The current, syllabus, he explained is too overloaded and as such does not give enough room for the students to develop their full technical potential during the three- year JHS period.
Dr. Afeti made the proposal at a forum on Technical and Vocational Education and Training (TVET) in Accra last Wednesday.
The forum organised by the Council for Technical and Vocational Education and Training (COTVET) themed, “Technical Vocational Training in Ghana, Hope for the Youth, Hope for the future, was aimed at soliciting views from major stakeholders towards charting a new path for TVET.

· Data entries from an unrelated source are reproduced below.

lemma (in group) normal_if_derived_set_subset:
  assumes "subgroup X G" "derived_set G (carrier G) \<subseteq> X"
  shows "X \<lhd> G"
  unfolding normal_inv_iff
proof (intro conjI assms(1) ballI)
  fix x h assume x: "x \<in> carrier G" and h: "h \<in> X"
  have hG: "h \<in> carrier G"
    using h subgroup.subset[OF assms(1)] by blast
  have "x \<otimes> h \<otimes> inv x \<otimes> inv h \<in> X"
    using assms(2) x hG by blast
  then have "x \<otimes> h \<otimes> inv x \<otimes> inv h \<otimes> h \<in> X"
    using h subgroup.m_closed[OF assms(1)] by blast
  then show "x \<otimes> h \<otimes> inv x \<in> X"
    using x hG by (simp add: m_assoc)
qed

lemma (in group) maximal_subgroup_if_maximal_normal:
  assumes "N \<lhd> G" "N \<noteq> carrier G" "derived_set G (carrier G) \<subseteq> N"
    and maximal: "\<And>N'. N' \<lhd> G \<Longrightarrow> N \<subseteq> N' \<Longrightarrow> N' = N \<or> N' = carrier G"
  shows "maximal_subgroup N G"
  unfolding maximal_subgroup_def
proof (intro conjI allI impI)
  show "subgroup N G"
    using assms(1) by (rule normal_imp_subgroup)
  fix X assume X: "subgroup X G \<and> N \<subseteq> X"
  then have "X \<lhd> G"
    using assms(3) normal_if_derived_set_subset[of X] by blast
  then show "X = N \<or> X = carrier G"
    using X maximal by blast
qed (rule assms(2))

lemma (in group) general_position_exchange:
  assumes gp: "general_position G S" and subgroups: "\<And>X. X \<in> S \<Longrightarrow> subgroup X G"
    and "M \<in> S" and P: "subgroup P G" "P \<noteq> carrier G"
    and covering: "P <#> (carrier G \<inter> \<Inter>(S - {M})) = carrier G"
  shows "general_position G (insert P (S - {M}))" and "P \<notin> S - {M}"
proof -
  let ?J = "carrier G \<inter> \<Inter>(S - {M})"
  have J_not_in_P: "\<not> ?J \<subseteq> P"
  proof
    assume "?J \<subseteq> P"
    then have "P <#> ?J \<subseteq> P"
      unfolding set_mult_def using subgroup.m_closed[OF P(1)] by auto
    then show False
      using covering P(2) subgroup.subset[OF P(1)] by simp
  qed
  then show P_new: "P \<notin> S - {M}"
    by blast
  have witness: "\<not> carrier G \<inter> \<Inter>(insert P (S - {M}) - {X}) \<subseteq> X"
    if X: "X \<in> S - {M}" for X
  proof -
    obtain m where m: "m \<in> carrier G \<inter> \<Inter>(S - {X})" "m \<notin> X"
      using gp X unfolding general_position_iff by blast
    then have "m \<in> P <#> ?J"
      using covering by blast
    then obtain p j where p: "p \<in> P" and j: "j \<in> ?J" and "m = p \<otimes> j"
      unfolding set_mult_def by auto
    have pG: "p \<in> carrier G" and jG: "j \<in> carrier G"
      using p j subgroup.subset[OF P(1)] by auto
    then have p_eq: "p = m \<otimes> inv j"
      using \<open>m = p \<otimes> j\<close> by (simp add: m_assoc)
    have "p \<in> Y" if Y: "Y \<in> S - {M, X}" for Y
    proof -
      have "m \<in> Y" "j \<in> Y"
        using Y m(1) j by auto
      then show ?thesis
        unfolding p_eq using subgroups[of Y] Y by (simp add: subgroup.m_closed subgroup.m_inv_closed)
    qed
    moreover have "p \<notin> X"
    proof
      assume "p \<in> X"
      moreover have "j \<in> X"
        using X j by blast
      ultimately have "p \<otimes> j \<in> X"
        using X subgroups[of X] by (simp add: subgroup.m_closed)
      then show False
        using \<open>m = p \<otimes> j\<close> m(2) by simp
    qed
    moreover have "insert P (S - {M}) - {X} = insert P (S - {M, X})"
      using X P_new by blast
    ultimately show ?thesis
      using p pG by blast
  qed
  have "finite S"
    using gp unfolding general_position_def by blast
  moreover have "insert P (S - {M}) - {P} = S - {M}"
    using P_new by blast
  ultimately show "general_position G (insert P (S - {M}))"
    unfolding general_position_iff using J_not_in_P witness by auto
qed

locale group_pair = H: group H + K: group K
  for H :: "('a, 'c) monoid_scheme" and K :: "('b, 'd) monoid_scheme"
begin

abbreviation G where "G \<equiv> H \<times>\<times> K"

sublocale G: group G
  by (rule DirProd_group[OF H.is_group K.is_group])

definition fst_slice :: "('a \<times> 'b) set \<Rightarrow> 'a set" where
  "fst_slice M = {h \<in> carrier H. (h, \<one>\<^bsub>K\<^esub>) \<in> M}"

definition snd_slice :: "('a \<times> 'b) set \<Rightarrow> 'b set" where
  "snd_slice M = {k \<in> carrier K. (\<one>\<^bsub>H\<^esub>, k) \<in> M}"

lemma subgroup_fst_slice: "subgroup M G \<Longrightarrow> subgroup (fst_slice M) H"
  unfolding fst_slice_def
  by (rule group_hom.subgroup_vimage)
    (auto simp: group_hom_def group_hom_axioms_def G.is_group H.is_group intro!: homI)

lemma subgroup_snd_slice: "subgroup M G \<Longrightarrow> subgroup (snd_slice M) K"
  unfolding snd_slice_def
  by (rule group_hom.subgroup_vimage)
    (auto simp: group_hom_def group_hom_axioms_def G.is_group K.is_group intro!: homI)

lemma Times_fst_slice:
  assumes "subgroup X G" "{\<one>\<^bsub>H\<^esub>} \<times> carrier K \<subseteq> X"
  shows "fst_slice X \<times> carrier K = X"
proof
  show "fst_slice X \<times> carrier K \<subseteq> X"
  proof (clarify)
    fix h k assume "h \<in> fst_slice X" "k \<in> carrier K"
    then have "(h, \<one>\<^bsub>K\<^esub>) \<in> X" "(\<one>\<^bsub>H\<^esub>, k) \<in> X" "h \<in> carrier H"
      using assms(2) unfolding fst_slice_def by auto
    from subgroup.m_closed[OF assms(1) this(1,2)] show "(h, k) \<in> X"
      using \<open>h \<in> carrier H\<close> \<open>k \<in> carrier K\<close> by simp
  qed
  show "X \<subseteq> fst_slice X \<times> carrier K"
  proof (clarify)
    fix h k assume "(h, k) \<in> X"
    moreover have hk: "h \<in> carrier H" "k \<in> carrier K"
      using \<open>(h, k) \<in> X\<close> subgroup.subset[OF assms(1)] by auto
    moreover have "(\<one>\<^bsub>H\<^esub>, inv\<^bsub>K\<^esub> k) \<in> X"
      using assms(2) hk by auto
    ultimately have "(h, k) \<otimes>\<^bsub>G\<^esub> (\<one>\<^bsub>H\<^esub>, inv\<^bsub>K\<^esub> k) \<in> X"
      using assms(1) by (simp only: subgroup.m_closed)
    then show "h \<in> fst_slice X \<and> k \<in> carrier K"
      using hk unfolding fst_slice_def by simp
  qed
qed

He said apart from overloading the syllabus, there was no empirical evidence that the vocational subjects that the students flirt with at the JHS level had any strong bearing on their future career choices or further studies at a higher level.
The Chief Inspector stated that a good basic education must provide a solid foundation for a good technical and vocational towards a problem solving approach to learning and conceptual thinking.
Dr. Afeti indicated that the main objective of TVET is to support economic growth and create national wealth for the teeming youth who would complete junior high schools, adding, “We need to focus on technical and vocational education that would not be a mere tool in the hands of the youth but to also have the ability to alleviate poverty and raise living standards”.
The Chief Executive Officer of Future Leaders Group, Emmanuel Dei-Tumi, who supported the idea for the review said the current schools syllabus was skewed towards producing grammarians rather than technocrats to man the country’s industries.
He, therefore, called for a change of mindset that technical and vocational training was for only less ambitious and intellectually challenged students.
Mr. Dei-Tumi recommended the reintroduction of guidance and counselling units in schools to identify the true potential of the children, as well as streamlining TVET programmes scattered all over the country.